• **EXERCISE OBJECTIVE**
In the listing below, the lines starting with the line with "by (rule measurable_cong_sets) (simp_all" and going on through the line with "unfolding Yfield_def" are to be reproduced exactly, and only those.

• **DATA FOR ANALYSIS**
lemma measurable_Ylaw_eq: "measurable (Ylaw d) N = measurable borel N"
  by (rule measurable_cong_sets) simp_all

lemma measurable_nu_eq: "measurable (nu d) N = measurable borel N"
  by (rule measurable_cong_sets) (simp_all add: nu_def)

lemma measurable_into_Ylaw_eq: "measurable M (Ylaw d) = measurable M borel"
  by (rule measurable_cong_sets) simp_all

lemma measurable_Yfield_coord [measurable]: "(\<lambda>Y. Y x) \<in> borel_measurable (Yfield d)"
  using measurable_component_singleton[of x UNIV "\<lambda>_. Ylaw d"]
  by (simp add: Yfield_def measurable_into_Ylaw_eq)

lemma measurable_into_Yfield:
  assumes "\<And>x. (\<lambda>w. f w x) \<in> borel_measurable M"
  shows "f \<in> measurable M (Yfield d)"
  unfolding Yfield_def
  by (rule measurable_PiM_single') (simp_all add: assms measurable_into_Ylaw_eq)

lemma measurable_phi [measurable]:
  "(\<lambda>p. phi d (fst p) (snd p) x) \<in> borel_measurable (borel \<Otimes>\<^sub>M Yfield d)"
proof (induction x)
  case (Cons i xs)
  have "(\<lambda>p. snd p (i # xs)) \<in> borel_measurable (borel \<Otimes>\<^sub>M Yfield d)"
    by measurable
  with Cons show ?case
    by simp
qed simp

lemma measurable_mem_cluster_plus [measurable]:
  "Measurable.pred (borel \<Otimes>\<^sub>M Yfield d) (\<lambda>p. x \<in> cluster_plus d h (fst p) (snd p))"
  unfolding mem_cluster_plus by measurable

definition Tplus_ball :: "nat \<Rightarrow> nat \<Rightarrow> nat list set" where
  "Tplus_ball d n = {x. in_Tplus d x \<and> length x \<le> n}"

lemma finite_Tplus_ball: "finite (Tplus_ball d n)"
proof (rule finite_subset)
  show "Tplus_ball d n \<subseteq> {xs. set xs \<subseteq> {..<d} \<and> length xs \<le> n}"
    by (auto simp: Tplus_ball_def in_Tplus_iff)
qed (rule finite_lists_length_le, simp)

lemma Tplus_ball_eventually_contains:
  assumes "finite B" "B \<subseteq> cluster_plus d h a Y"
  shows "\<forall>\<^sub>F n in sequentially. B \<subseteq> cluster_plus d h a Y \<inter> Tplus_ball d n"
proof -
  have "B \<subseteq> cluster_plus d h a Y \<inter> Tplus_ball d n" if "Max (insert 0 (length ` B)) \<le> n" for n
    using assms that by (fastforce simp: Tplus_ball_def mem_cluster_plus intro: le_trans[OF Max_ge])
  then show ?thesis
    unfolding eventually_sequentially by blast
qed

lemma cluster_weight_truncation_LIMSEQ:
  assumes "0 < s"
  shows "(\<lambda>n. exp (- s * real (card (cluster_plus d h a Y \<inter> Tplus_ball d n))))
    \<longlonglongrightarrow> cluster_weight d h s a Y"
proof (cases "finite (cluster_plus d h a Y)")
  case True
  then have "\<forall>\<^sub>F n in sequentially. cluster_plus d h a Y \<inter> Tplus_ball d n = cluster_plus d h a Y"
    using Tplus_ball_eventually_contains[OF True order_refl] by (auto elim: eventually_mono)
  then show ?thesis
    using True by (auto simp: cluster_weight_def elim: tendsto_eventually[OF eventually_mono])
next
  case False
  have "filterlim (\<lambda>n. real (card (cluster_plus d h a Y \<inter> Tplus_ball d n))) at_top sequentially"
  proof (subst filterlim_at_top, intro allI)
    fix z :: real
    obtain B where B: "finite B" "card B = nat \<lceil>z\<rceil>" "B \<subseteq> cluster_plus d h a Y"
      using infinite_arbitrarily_large[OF False] by blast
    show "\<forall>\<^sub>F n in sequentially. z \<le> real (card (cluster_plus d h a Y \<inter> Tplus_ball d n))"
      using Tplus_ball_eventually_contains[OF B(1,3)]
    proof eventually_elim
      case (elim n)
      then have "card B \<le> card (cluster_plus d h a Y \<inter> Tplus_ball d n)"
        by (intro card_mono) (simp_all add: finite_Tplus_ball)
      then show ?case
        using B(2) by linarith
    qed
  qed
  then have "filterlim (\<lambda>n. - s * real (card (cluster_plus d h a Y \<inter> Tplus_ball d n))) at_bot sequentially"
    using filterlim_tendsto_pos_mult_at_top[OF tendsto_const assms] by (simp add: filterlim_uminus_at_bot)
  then show ?thesis
    using False by (simp add: cluster_weight_def filterlim_compose[OF exp_at_bot])
qed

• **RESPONSE TO THE TASK**
  by (rule measurable_cong_sets) (simp_all add: nu_def)

lemma measurable_into_Ylaw_eq: "measurable M (Ylaw d) = measurable M borel"
  by (rule measurable_cong_sets) simp_all

lemma measurable_Yfield_coord [measurable]: "(\<lambda>Y. Y x) \<in> borel_measurable (Yfield d)"
  using measurable_component_singleton[of x UNIV "\<lambda>_. Ylaw d"]
  by (simp add: Yfield_def measurable_into_Ylaw_eq)

lemma measurable_into_Yfield:
  assumes "\<And>x. (\<lambda>w. f w x) \<in> borel_measurable M"
  shows "f \<in> measurable M (Yfield d)"
  unfolding Yfield_def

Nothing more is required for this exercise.